### About this exercise
The lines to find are those in the entries that hold the word "subst"; copy every one of them.
-------- Data listing --------
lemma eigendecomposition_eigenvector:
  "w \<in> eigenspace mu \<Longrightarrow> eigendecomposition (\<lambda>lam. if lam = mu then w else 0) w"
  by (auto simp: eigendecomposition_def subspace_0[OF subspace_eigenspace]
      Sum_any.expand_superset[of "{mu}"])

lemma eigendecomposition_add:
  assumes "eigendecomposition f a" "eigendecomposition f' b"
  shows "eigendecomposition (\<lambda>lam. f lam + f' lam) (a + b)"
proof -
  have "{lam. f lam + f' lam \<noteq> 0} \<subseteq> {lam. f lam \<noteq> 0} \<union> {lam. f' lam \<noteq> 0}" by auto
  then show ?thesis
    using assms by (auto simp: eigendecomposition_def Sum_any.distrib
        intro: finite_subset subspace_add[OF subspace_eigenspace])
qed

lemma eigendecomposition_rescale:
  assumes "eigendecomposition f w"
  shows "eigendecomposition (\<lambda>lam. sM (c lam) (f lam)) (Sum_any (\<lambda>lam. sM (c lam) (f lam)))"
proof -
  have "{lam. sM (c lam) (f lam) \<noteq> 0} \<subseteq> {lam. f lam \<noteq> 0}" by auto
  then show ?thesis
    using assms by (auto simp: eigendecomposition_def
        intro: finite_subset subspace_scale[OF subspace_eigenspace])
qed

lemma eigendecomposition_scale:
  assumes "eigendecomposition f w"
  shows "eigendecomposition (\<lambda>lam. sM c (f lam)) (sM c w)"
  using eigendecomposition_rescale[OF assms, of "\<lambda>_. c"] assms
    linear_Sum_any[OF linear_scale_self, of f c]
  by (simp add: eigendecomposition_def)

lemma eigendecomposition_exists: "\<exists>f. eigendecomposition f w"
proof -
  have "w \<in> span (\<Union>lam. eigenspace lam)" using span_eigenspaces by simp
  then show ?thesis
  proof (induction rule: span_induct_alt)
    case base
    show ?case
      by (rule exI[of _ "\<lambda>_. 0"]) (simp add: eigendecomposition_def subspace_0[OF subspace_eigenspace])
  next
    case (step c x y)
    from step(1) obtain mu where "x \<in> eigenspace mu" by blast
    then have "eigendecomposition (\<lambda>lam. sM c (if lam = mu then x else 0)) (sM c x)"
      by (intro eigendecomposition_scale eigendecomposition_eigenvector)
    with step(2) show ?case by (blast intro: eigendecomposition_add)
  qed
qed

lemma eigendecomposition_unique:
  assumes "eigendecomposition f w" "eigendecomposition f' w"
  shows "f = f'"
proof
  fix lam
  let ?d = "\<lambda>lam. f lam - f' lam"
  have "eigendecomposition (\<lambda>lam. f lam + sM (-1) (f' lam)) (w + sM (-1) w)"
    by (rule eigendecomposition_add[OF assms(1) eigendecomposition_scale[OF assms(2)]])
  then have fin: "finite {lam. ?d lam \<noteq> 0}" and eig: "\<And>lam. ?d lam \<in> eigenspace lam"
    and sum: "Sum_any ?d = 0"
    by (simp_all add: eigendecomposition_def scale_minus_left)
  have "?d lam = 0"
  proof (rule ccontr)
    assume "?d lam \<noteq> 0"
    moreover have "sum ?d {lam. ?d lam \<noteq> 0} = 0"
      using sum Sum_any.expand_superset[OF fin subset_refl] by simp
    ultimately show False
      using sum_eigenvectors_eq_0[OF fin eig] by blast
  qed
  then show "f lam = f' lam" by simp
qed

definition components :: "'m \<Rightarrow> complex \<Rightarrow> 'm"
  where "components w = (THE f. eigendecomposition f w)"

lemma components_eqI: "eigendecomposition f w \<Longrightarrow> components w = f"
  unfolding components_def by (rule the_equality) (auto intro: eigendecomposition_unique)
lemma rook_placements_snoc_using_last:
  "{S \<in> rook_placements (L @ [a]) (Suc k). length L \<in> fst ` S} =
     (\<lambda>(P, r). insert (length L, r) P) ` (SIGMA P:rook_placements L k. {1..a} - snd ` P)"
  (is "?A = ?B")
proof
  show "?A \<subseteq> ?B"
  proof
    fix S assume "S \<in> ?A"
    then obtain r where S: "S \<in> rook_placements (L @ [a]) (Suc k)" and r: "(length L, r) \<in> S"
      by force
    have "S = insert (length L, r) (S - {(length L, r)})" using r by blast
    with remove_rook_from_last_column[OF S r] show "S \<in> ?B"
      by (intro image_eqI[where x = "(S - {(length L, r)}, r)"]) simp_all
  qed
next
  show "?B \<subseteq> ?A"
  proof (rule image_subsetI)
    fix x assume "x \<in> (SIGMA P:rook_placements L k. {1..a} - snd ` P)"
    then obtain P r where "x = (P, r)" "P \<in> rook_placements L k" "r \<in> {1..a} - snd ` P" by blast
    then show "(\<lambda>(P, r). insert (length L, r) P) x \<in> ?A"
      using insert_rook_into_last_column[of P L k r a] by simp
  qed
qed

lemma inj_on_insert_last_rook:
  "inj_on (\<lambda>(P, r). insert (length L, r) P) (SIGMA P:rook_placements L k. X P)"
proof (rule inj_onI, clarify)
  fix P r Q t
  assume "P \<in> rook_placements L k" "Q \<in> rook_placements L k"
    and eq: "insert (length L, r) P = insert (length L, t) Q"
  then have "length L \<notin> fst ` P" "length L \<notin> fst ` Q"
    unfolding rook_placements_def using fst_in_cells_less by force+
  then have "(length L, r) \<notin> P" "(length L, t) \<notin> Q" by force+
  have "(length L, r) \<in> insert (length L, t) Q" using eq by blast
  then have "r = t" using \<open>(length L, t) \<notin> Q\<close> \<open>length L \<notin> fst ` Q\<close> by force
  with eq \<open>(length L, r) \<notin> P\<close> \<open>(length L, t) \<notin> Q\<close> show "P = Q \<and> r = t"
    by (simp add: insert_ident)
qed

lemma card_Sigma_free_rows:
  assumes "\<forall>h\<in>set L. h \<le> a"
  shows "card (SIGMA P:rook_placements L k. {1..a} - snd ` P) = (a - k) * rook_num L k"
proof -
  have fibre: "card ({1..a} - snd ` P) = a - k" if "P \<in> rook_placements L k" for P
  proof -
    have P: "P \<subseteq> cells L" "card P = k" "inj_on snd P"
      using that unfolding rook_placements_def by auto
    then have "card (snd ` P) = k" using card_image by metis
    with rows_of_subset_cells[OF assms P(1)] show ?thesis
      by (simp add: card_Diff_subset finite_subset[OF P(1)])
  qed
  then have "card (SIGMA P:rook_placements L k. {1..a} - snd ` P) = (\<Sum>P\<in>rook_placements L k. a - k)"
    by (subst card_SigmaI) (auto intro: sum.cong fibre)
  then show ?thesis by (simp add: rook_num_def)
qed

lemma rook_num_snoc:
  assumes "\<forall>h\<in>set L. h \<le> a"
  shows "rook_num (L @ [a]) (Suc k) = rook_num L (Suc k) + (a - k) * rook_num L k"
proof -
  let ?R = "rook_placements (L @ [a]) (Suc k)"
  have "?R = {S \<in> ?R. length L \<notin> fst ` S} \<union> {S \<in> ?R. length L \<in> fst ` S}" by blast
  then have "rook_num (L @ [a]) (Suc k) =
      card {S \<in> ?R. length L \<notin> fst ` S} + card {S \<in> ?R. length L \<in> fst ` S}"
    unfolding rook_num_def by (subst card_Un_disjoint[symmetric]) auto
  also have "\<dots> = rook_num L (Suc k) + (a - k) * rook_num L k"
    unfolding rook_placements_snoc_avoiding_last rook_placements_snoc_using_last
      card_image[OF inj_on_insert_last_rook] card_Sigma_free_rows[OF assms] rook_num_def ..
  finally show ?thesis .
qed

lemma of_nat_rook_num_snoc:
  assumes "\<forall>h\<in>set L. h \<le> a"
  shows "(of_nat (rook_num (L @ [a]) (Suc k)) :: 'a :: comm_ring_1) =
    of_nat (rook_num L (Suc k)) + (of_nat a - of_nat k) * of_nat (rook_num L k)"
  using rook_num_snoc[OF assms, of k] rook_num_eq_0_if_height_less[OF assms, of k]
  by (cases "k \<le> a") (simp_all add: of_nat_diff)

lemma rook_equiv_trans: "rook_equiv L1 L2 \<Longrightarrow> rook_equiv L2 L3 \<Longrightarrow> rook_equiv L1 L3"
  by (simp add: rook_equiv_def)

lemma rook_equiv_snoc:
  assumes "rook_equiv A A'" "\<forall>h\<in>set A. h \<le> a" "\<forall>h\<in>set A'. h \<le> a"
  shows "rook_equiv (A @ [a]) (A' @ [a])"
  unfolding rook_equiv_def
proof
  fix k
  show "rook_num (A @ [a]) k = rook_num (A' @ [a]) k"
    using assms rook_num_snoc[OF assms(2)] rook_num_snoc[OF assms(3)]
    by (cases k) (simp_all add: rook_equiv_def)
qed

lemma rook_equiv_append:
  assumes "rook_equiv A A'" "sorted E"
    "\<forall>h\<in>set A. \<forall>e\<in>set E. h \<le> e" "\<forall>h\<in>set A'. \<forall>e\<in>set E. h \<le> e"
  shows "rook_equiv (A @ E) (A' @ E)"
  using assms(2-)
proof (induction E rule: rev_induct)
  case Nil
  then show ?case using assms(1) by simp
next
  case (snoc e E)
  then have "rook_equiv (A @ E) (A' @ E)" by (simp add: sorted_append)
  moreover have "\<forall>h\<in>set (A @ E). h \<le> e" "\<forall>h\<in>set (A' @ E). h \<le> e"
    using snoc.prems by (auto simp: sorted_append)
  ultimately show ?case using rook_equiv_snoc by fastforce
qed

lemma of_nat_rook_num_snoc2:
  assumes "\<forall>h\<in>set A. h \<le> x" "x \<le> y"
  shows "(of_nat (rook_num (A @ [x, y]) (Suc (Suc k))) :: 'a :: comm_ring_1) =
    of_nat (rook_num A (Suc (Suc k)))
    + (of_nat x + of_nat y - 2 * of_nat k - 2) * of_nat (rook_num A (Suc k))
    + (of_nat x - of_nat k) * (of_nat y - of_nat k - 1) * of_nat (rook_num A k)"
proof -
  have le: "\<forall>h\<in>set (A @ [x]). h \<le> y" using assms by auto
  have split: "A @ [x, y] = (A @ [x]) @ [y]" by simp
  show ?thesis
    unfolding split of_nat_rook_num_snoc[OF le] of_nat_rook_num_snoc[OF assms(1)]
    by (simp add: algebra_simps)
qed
--------
-------- Data listing --------
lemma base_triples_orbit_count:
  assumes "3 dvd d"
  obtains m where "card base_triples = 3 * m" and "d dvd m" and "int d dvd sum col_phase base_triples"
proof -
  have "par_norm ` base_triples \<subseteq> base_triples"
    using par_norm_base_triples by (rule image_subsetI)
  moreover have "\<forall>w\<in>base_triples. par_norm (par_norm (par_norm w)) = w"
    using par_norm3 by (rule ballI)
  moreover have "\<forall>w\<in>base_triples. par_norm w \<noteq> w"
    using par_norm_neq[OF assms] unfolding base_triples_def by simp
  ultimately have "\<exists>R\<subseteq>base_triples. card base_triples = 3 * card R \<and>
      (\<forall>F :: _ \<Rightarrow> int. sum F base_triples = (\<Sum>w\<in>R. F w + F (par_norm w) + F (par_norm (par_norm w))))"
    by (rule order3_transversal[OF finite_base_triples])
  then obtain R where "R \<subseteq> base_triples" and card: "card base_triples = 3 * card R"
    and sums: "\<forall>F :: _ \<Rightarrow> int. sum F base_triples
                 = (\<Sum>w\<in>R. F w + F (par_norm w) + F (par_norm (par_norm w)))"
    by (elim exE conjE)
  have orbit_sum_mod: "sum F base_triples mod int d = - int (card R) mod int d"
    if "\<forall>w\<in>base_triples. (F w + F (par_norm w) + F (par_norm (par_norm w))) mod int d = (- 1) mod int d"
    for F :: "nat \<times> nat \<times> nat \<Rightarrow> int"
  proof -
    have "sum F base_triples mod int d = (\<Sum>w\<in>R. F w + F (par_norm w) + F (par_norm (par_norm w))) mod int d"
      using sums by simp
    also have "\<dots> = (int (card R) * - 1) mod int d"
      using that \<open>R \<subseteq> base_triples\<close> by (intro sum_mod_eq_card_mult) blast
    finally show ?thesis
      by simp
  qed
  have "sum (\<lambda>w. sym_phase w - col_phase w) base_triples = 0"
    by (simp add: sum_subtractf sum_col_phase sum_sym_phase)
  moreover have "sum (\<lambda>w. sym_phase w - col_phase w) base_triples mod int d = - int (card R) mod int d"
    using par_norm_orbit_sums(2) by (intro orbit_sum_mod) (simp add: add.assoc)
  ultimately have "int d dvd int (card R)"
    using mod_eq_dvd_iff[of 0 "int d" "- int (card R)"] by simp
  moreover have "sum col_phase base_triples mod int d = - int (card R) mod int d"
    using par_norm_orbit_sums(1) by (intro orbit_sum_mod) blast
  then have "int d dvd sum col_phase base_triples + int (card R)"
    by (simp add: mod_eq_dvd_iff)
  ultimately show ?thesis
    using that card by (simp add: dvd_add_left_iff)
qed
--------
### Result below
    by (subst card_SigmaI) (auto intro: sum.cong fibre)
    unfolding rook_num_def by (subst card_Un_disjoint[symmetric]) auto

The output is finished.